1000 u/ml
Recognition Sequence:
5’… GCTCCN …3’
3’… CGAGGN …5’
Sourse: Lysinibacillus manganicus An22
Supplied in:
10 mM Tris-HCl (pH 7.4); 50 mM NaCl;
0,1 mM EDTA; 200 µg/ml BSA;
1 mM DTT; 50% glycerol.
Reaction Conditions:
1µSEBuffer B.
Incubate at 37°C.
1´SEBuffer B
10 mM Tris-HCl (pH 7.6 @ 25ºC) 10 mM MgCl2
1 mM DTT
Unit Definition: One unit is defined as the
amount of enzyme required to digest 1 µg
of λ DNA in 1 hour at 37°C in a total
reaction volume of 50 µl.
Quality Control Assays
Ligation: After 10-fold overdigestion with
Zra I,approximately 90% of λ DNA fragments can be ligated with T4 DNA Ligase and recut.

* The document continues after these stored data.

(* Let $\mathcal{S}$ be a set of states, $\mathcal{E}$ a set of events, and $\rightarrow$ a small-step transition relation $s \xrightarrow{t} s'$ on $\mathcal{S}$ labelled by finite traces $t \in \mathcal{E}^*$. Let $s \in \mathcal{S}$, let $\tau$ be a general trace (a finite or infinite sequence of events), and suppose there exists $n \in \mathbb{N}_0$ with $\mathrm{Forever}(s, \tau, n)$. Then: (1) if $\tau$ is finite, then $\mathrm{ForeverFinite}(\tau, s)$; (2) if $\tau$ is infinite, then $\mathrm{Reacts}(\tau, s)$. Moreover, if $\rightarrow$ is determinate, the converse also holds: for finite $\tau$, $\mathrm{ForeverFinite}(\tau, s)$ implies that there is an $n\in\mathbb{N}_0$ with $\mathrm{Forever}(s,\tau,n)$; and for infinite $\tau$, $\mathrm{Reacts}(\tau, s)$ implies that there is an $n\in\mathbb{N}_0$ with $\mathrm{Forever}(s,\tau,n)$.
   Context: Traces: $\varepsilon$ denotes the empty trace and $t\cdot\tau$ denotes concatenation of a finite trace $t$ with a finite or infinite trace $\tau$. For finite traces, $s \xrightarrow{t}{}^{*} s'$ denotes the reflexive–transitive closure of the step relation: $s \xrightarrow{\varepsilon}{}^{*} s$, and if $s \xrightarrow{t_1} s_1$ and $s_1 \xrightarrow{t_2}{}^{*} s'$ then $s \xrightarrow{t_1\cdot t_2}{}^{*} s'$. The following predicates are defined coinductively (as greatest fixed points of the given rules): - Silent divergence $\mathrm{DivSilent}(s)$: if $s \xrightarrow{\varepsilon} s'$ and $\mathrm{DivSilent}(s')$ then $\mathrm{DivSilent}(s)$. - (Inductive, no recursion) Finite-trace divergence $\mathrm{ForeverFinite}(t, s)$ for finite $t$: holds iff there is $s'$ with $s \xrightarrow{t}{}^{*} s'$ and $\mathrm{DivSilent}(s')$. - Reactive divergence $\mathrm{Reacts}(\omega, s)$ for infinite $\omega$: if $s \xrightarrow{t}{}^{*} s'$, $t \neq \varepsilon$, and $\mathrm{Reacts}(\omega, s')$, then $\mathrm{Reacts}(t\cdot\omega, s)$. - General-trace divergence $\mathrm{Forever}(s, \tau, n)$ for a general (finite or infinite) trace $\tau$ and $n \in \mathbb{N}_0$: if $s \xrightarrow{t} s'$, $\mathrm{Forever}(s', \tau, m)$ for some $m\in\mathbb{N}_0$, and $\mathrm{guard}(\tau, n, t, m)$, then $\mathrm{Forever}(s, t\cdot\tau, n)$, where $\mathrm{guard}(\tau,n,t,m)$ means: $\tau = \varepsilon$, or ($t = \varepsilon$ implies $m < n$). Determinacy (in the sense of CompCert): the step relation is determinate if every single step $s \xrightarrow{t} s'$ has a trace $t$ of length at most one, and whenever $s \xrightarrow{t_1} s_1$ and $s \xrightarrow{t_2} s_2$ from the same state $s$, then $t_1$ and $t_2$ match (in particular $t_1 = \varepsilon$ iff $t_2 = \varepsilon$), and $t_1 = t_2$ implies $s_1 = s_2$. *)

theory Defs
  imports Main "HOL-Library.Stream"
begin

datatype 'e gtrace = Fin "'e list" | Inf "'e stream"

fun gconcat :: "'e list \<Rightarrow> 'e gtrace \<Rightarrow> 'e gtrace" where
  "gconcat t (Fin u) = Fin (t @ u)"
| "gconcat t (Inf w) = Inf (t @- w)"

inductive star :: "('s \<Rightarrow> 'e list \<Rightarrow> 's \<Rightarrow> bool) \<Rightarrow> 's \<Rightarrow> 'e list \<Rightarrow> 's \<Rightarrow> bool"
  for step where
  star_refl: "star step s [] s"
| star_step: "step s t1 s1 \<Longrightarrow> star step s1 t2 s' \<Longrightarrow> star step s (t1 @ t2) s'"

coinductive DivSilent :: "('s \<Rightarrow> 'e list \<Rightarrow> 's \<Rightarrow> bool) \<Rightarrow> 's \<Rightarrow> bool"
  for step where
  "step s [] s' \<Longrightarrow> DivSilent step s' \<Longrightarrow> DivSilent step s"

definition ForeverFinite :: "('s \<Rightarrow> 'e list \<Rightarrow> 's \<Rightarrow> bool) \<Rightarrow> 'e list \<Rightarrow> 's \<Rightarrow> bool" where
  "ForeverFinite step t s \<longleftrightarrow> (\<exists>s'. star step s t s' \<and> DivSilent step s')"

coinductive Reacts :: "('s \<Rightarrow> 'e list \<Rightarrow> 's \<Rightarrow> bool) \<Rightarrow> 'e stream \<Rightarrow> 's \<Rightarrow> bool"
  for step where
  "star step s t s' \<Longrightarrow> t \<noteq> [] \<Longrightarrow> Reacts step \<omega> s' \<Longrightarrow> Reacts step (t @- \<omega>) s"

definition guard :: "'e gtrace \<Rightarrow> nat \<Rightarrow> 'e list \<Rightarrow> nat \<Rightarrow> bool" where
  "guard \<tau> n t m \<longleftrightarrow> \<tau> = Fin [] \<or> (t = [] \<longrightarrow> m < n)"

coinductive Forever :: "('s \<Rightarrow> 'e list \<Rightarrow> 's \<Rightarrow> bool) \<Rightarrow> 's \<Rightarrow> 'e gtrace \<Rightarrow> nat \<Rightarrow> bool"
  for step where
  "step s t s' \<Longrightarrow> Forever step s' \<tau> m \<Longrightarrow> guard \<tau> n t m \<Longrightarrow> Forever step s (gconcat t \<tau>) n"

text \<open>Determinacy (CompCert style). Matching of traces is rendered by its stated
consequence: both empty or both nonempty.\<close>
definition determinate :: "('s \<Rightarrow> 'e list \<Rightarrow> 's \<Rightarrow> bool) \<Rightarrow> bool" where
  "determinate step \<longleftrightarrow>
     (\<forall>s t s'. step s t s' \<longrightarrow> length t \<le> 1) \<and>
     (\<forall>s t1 s1 t2 s2. step s t1 s1 \<longrightarrow> step s t2 s2 \<longrightarrow>
        (t1 = [] \<longleftrightarrow> t2 = []) \<and> (t1 = t2 \<longrightarrow> s1 = s2))"

end

theory Submission
  imports Defs
begin

text \<open>The index of \<open>Forever\<close> strictly decreases along silent steps (unless the remaining
trace is empty), so well-founded induction on it shows that every \<open>Forever\<close> state reaches,
after finitely many steps, a state that has emitted a nonempty prefix of the trace and is
again a \<open>Forever\<close> state. On a finite trace, iterating this consumes the trace and leaves
\<open>Forever s' (Fin []) m\<close>, which is silent divergence; on an infinite trace it is exactly the
unfolding of \<open>Reacts\<close>. Conversely, an index that works is the number of steps left until
the next event is emitted.\<close>

lemma gconcat_Nil [simp]: "gconcat [] \<tau> = \<tau>"
  by (cases \<tau>) auto

lemma gconcat_append [simp]: "gconcat t (gconcat u \<tau>) = gconcat (t @ u) \<tau>"
  by (cases \<tau>) auto

lemma star_single: "step s t s' \<Longrightarrow> star step s t s'"
  using star_step[OF _ star_refl] by fastforce

lemma star_trans: "star step s t s' \<Longrightarrow> star step s' u s'' \<Longrightarrow> star step s (t @ u) s''"
  by (induction rule: star.induct) (auto intro: star.intros)

text \<open>The step count supplies the index of \<open>Forever\<close> when going back from \<open>Reacts\<close>.\<close>

inductive starn :: "('s \<Rightarrow> 'e list \<Rightarrow> 's \<Rightarrow> bool) \<Rightarrow> 's \<Rightarrow> 'e list \<Rightarrow> 's \<Rightarrow> nat \<Rightarrow> bool"
  for step where
  starn_refl: "starn step s [] s 0"
| starn_step: "step s t1 s1 \<Longrightarrow> starn step s1 t2 s' k \<Longrightarrow> starn step s (t1 @ t2) s' (Suc k)"

lemma star_imp_starn: "star step s t s' \<Longrightarrow> \<exists>k. starn step s t s' k"
  by (induction rule: star.induct) (auto intro: starn.intros)

lemma starn_trans:
  "starn step s t s' k \<Longrightarrow> starn step s' u s'' j \<Longrightarrow> starn step s (t @ u) s'' (k + j)"
  by (induction rule: starn.induct) (auto intro: starn.intros)

lemma Forever_Nil_imp_DivSilent: "Forever step s (Fin []) n \<Longrightarrow> DivSilent step s"
proof (coinduction arbitrary: s n rule: DivSilent.coinduct)
  case (DivSilent s n)
  then show ?case
  proof (cases rule: Forever.cases)
    case (1 t s' \<tau> m)
    then have "t = []" "\<tau> = Fin []"
      by (cases \<tau>; simp)+
    with 1 show ?thesis by blast
  qed
qed

lemma Forever_emits_event:
  assumes "Forever step s \<tau> n" and "\<tau> \<noteq> Fin []"
  shows "\<exists>t s' \<tau>' m. star step s t s' \<and> t \<noteq> [] \<and> \<tau> = gconcat t \<tau>' \<and> Forever step s' \<tau>' m"
  using assms
proof (induction n arbitrary: s \<tau> rule: less_induct)
  case (less n s \<tau>)
  from less.prems(1) obtain t1 s1 \<tau>1 m where
    first: "step s t1 s1" and forever: "Forever step s1 \<tau>1 m" and guard: "guard \<tau>1 n t1 m"
    and \<tau>: "\<tau> = gconcat t1 \<tau>1"
    by (cases rule: Forever.cases) auto
  show ?case
  proof (cases "t1 = []")
    case True
    with \<tau> less.prems(2) guard have "\<tau>1 = \<tau>" "m < n"
      by (auto simp: guard_def)
    with less.IH forever less.prems(2) obtain t s' \<tau>' m' where
      run: "star step s1 t s'" and "t \<noteq> []" "\<tau> = gconcat t \<tau>'" "Forever step s' \<tau>' m'"
      by blast
    moreover have "star step s t s'"
      using star_step[OF first run] True by simp
    ultimately show ?thesis
      by blast
  next
    case False
    with star_single[of step, OF first] forever \<tau> show ?thesis
      by blast
  qed
qed

lemma Forever_Fin_imp_ForeverFinite: "Forever step s (Fin t) n \<Longrightarrow> ForeverFinite step t s"
proof (induction "length t" arbitrary: t s n rule: less_induct)
  case less
  show ?case
  proof (cases "t = []")
    case True
    with less.prems have "DivSilent step s"
      using Forever_Nil_imp_DivSilent by simp
    with True show ?thesis
      unfolding ForeverFinite_def using star_refl[of step s] by auto
  next
    case False
    with Forever_emits_event[OF less.prems] obtain t1 s1 \<tau>' m where
      star: "star step s t1 s1" and "t1 \<noteq> []" and t: "Fin t = gconcat t1 \<tau>'"
      and forever: "Forever step s1 \<tau>' m"
      by auto
    from t obtain t2 where t2: "\<tau>' = Fin t2" "t = t1 @ t2"
      by (cases \<tau>') auto
    with \<open>t1 \<noteq> []\<close> have "length t2 < length t"
      by simp
    from less.hyps[OF this] forever t2 obtain s' where "star step s1 t2 s'" "DivSilent step s'"
      unfolding ForeverFinite_def by blast
    with star_trans[OF star] show ?thesis
      unfolding ForeverFinite_def t2(2) by blast
  qed
qed

lemma Forever_Inf_imp_Reacts: "Forever step s (Inf \<omega>) n \<Longrightarrow> Reacts step \<omega> s"
proof (coinduction arbitrary: s \<omega> n rule: Reacts.coinduct)
  case (Reacts s \<omega> n)
  then obtain t s' \<tau>' m where
    "star step s t s'" "t \<noteq> []" "Inf \<omega> = gconcat t \<tau>'" "Forever step s' \<tau>' m"
    using Forever_emits_event[of step s "Inf \<omega>" n] by auto
  then obtain \<omega>' where "\<omega> = t @- \<omega>'" "Forever step s' (Inf \<omega>') m"
    by (cases \<tau>') auto
  with \<open>star step s t s'\<close> \<open>t \<noteq> []\<close> show ?case
    by blast
qed

lemma DivSilent_imp_Forever_Nil: "DivSilent step s \<Longrightarrow> Forever step s (Fin []) 0"
proof (coinduction arbitrary: s rule: Forever.coinduct)
  case (Forever s)
  then obtain s' where "step s [] s'" "DivSilent step s'"
    by (cases rule: DivSilent.cases)
  moreover have "Fin [] = gconcat [] (Fin [])" and "guard (Fin []) 0 [] 0"
    by (simp_all add: guard_def)
  ultimately show ?case
    by blast
qed

lemma Forever_star_prepend:
  "star step s t s' \<Longrightarrow> Forever step s' \<tau> m \<Longrightarrow> \<exists>n. Forever step s (gconcat t \<tau>) n"
proof (induction rule: star.induct)
  case (star_refl s)
  then show ?case by auto
next
  case (star_step s t1 s1 t2 s')
  then obtain n where "Forever step s1 (gconcat t2 \<tau>) n"
    by blast
  with star_step.hyps(1) have "Forever step s (gconcat t1 (gconcat t2 \<tau>)) (Suc n)"
    by (rule Forever.intros) (simp add: guard_def)
  then show ?case
    by auto
qed

lemma ForeverFinite_imp_Forever: "ForeverFinite step t s \<Longrightarrow> \<exists>n. Forever step s (Fin t) n"
  unfolding ForeverFinite_def
  using Forever_star_prepend[OF _ DivSilent_imp_Forever_Nil] by fastforce

lemma Reacts_unfold_starn:
  "Reacts step \<omega> s \<Longrightarrow>
    \<exists>t s' \<omega>' k. starn step s t s' k \<and> t \<noteq> [] \<and> Reacts step \<omega>' s' \<and> \<omega> = t @- \<omega>'"
  by (erule Reacts.cases) (blast dest: star_imp_starn)

lemma starn_Reacts_imp_Forever:
  assumes "starn step s t s' k" and "t \<noteq> []" and "Reacts step \<omega> s'"
  shows "Forever step s (Inf (t @- \<omega>)) k"
  using assms
proof (coinduction arbitrary: s t s' k \<omega> rule: Forever.coinduct)
  case (Forever s t s' k \<omega>)
  from Forever(1,2) obtain t1 s1 t2 j where
    k: "k = Suc j" and first: "step s t1 s1" and run: "starn step s1 t2 s' j" and t: "t = t1 @ t2"
    by (cases rule: starn.cases) auto
  obtain u s'' \<omega>' i where
    "starn step s1 u s'' i" and "u \<noteq> []" and "Reacts step \<omega>' s''"
    and \<omega>: "t2 @- \<omega> = u @- \<omega>'" and index: "t1 = [] \<longrightarrow> i < k"
  proof (cases "t2 = []")
    case True
    from Reacts_unfold_starn[OF Forever(3)] obtain u s'' \<omega>' i where
      run_u: "starn step s' u s'' i" and "u \<noteq> []" "Reacts step \<omega>' s''" "\<omega> = u @- \<omega>'"
      by blast
    moreover have "starn step s1 u s'' (j + i)"
      using starn_trans[OF run run_u] True by simp
    moreover have "t1 \<noteq> []"
      using True t Forever(2) by simp
    ultimately show ?thesis
      using that True by simp
  next
    case False
    show ?thesis
      using that[OF run False Forever(3) refl] k by simp
  qed
  moreover have "Inf (t @- \<omega>) = gconcat t1 (Inf (u @- \<omega>'))"
    using t \<omega> by simp
  moreover have "guard (Inf (u @- \<omega>')) k t1 i"
    using index by (simp add: guard_def)
  ultimately show ?case
    using first by blast
qed

lemma Reacts_imp_Forever: "Reacts step \<omega> s \<Longrightarrow> \<exists>n. Forever step s (Inf \<omega>) n"
  by (blast dest: Reacts_unfold_starn starn_Reacts_imp_Forever)

theorem mainTheorem1:
  fixes step :: "'s \<Rightarrow> 'e list \<Rightarrow> 's \<Rightarrow> bool" and s :: 's
  shows "(\<forall>\<tau> n. Forever step s \<tau> n \<longrightarrow>
            (\<forall>t. \<tau> = Fin t \<longrightarrow> ForeverFinite step t s) \<and>
            (\<forall>\<omega>. \<tau> = Inf \<omega> \<longrightarrow> Reacts step \<omega> s))
       \<and> (determinate step \<longrightarrow>
            (\<forall>t. ForeverFinite step t s \<longrightarrow> (\<exists>n. Forever step s (Fin t) n)) \<and>
            (\<forall>\<omega>. Reacts step \<omega> s \<longrightarrow> (\<exists>n. Forever step s (Inf \<omega>) n)))"
proof (intro conjI allI impI)
  fix \<tau> n t
  assume "Forever step s \<tau> n" and "\<tau> = Fin t"
  then show "ForeverFinite step t s"
    using Forever_Fin_imp_ForeverFinite by simp
next
  fix \<tau> n \<omega>
  assume "Forever step s \<tau> n" and "\<tau> = Inf \<omega>"
  then show "Reacts step \<omega> s"
    using Forever_Inf_imp_Reacts by simp
qed (simp_all add: ForeverFinite_imp_Forever Reacts_imp_Forever)

end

In the presence of 10% PEG ligation is better.
16-Hour Incubation:
A 50 µl reaction containing 1 µg of λ DNA
and 10 units of enzyme incubated for 16 hours
resulted in the same pattern of DNA bands
as a reaction incubated for 1 hour.
Oligonucleotide Assay:
No detectable degradation of a single-
and double-stranded oligonucleotide was
observed after incubation with 10 units of
enzyme for 3 hours.
Enzyme Properties
Activity in SEBuffers:
SEBuffer B 100%
SEBuffer G 50-75%
SEBuffer O 25-50%
SEBuffer W 25-50%
SEBuffer Y 75-100%
SEBuffer ROSE 100%
When using a buffer other than the optimal (suppied) SEBuffer, it may be necessary to add more enzyme to achieve complete digestion.
Heat Inactivation:
Yes (80°C for 20 minutes)
Reagents Supplied with Enzyme:
10XSEBuffer B
Notes: High enzyme concentration may result in star activity. The minimum number of units that resulted in complete digestion of 1 µg of substrate DNA in 16 hours is 0,5. Zra I cleaves linear plasmid DNA at a rate 1,5-2 times higher than supercoiled plasmid DNA.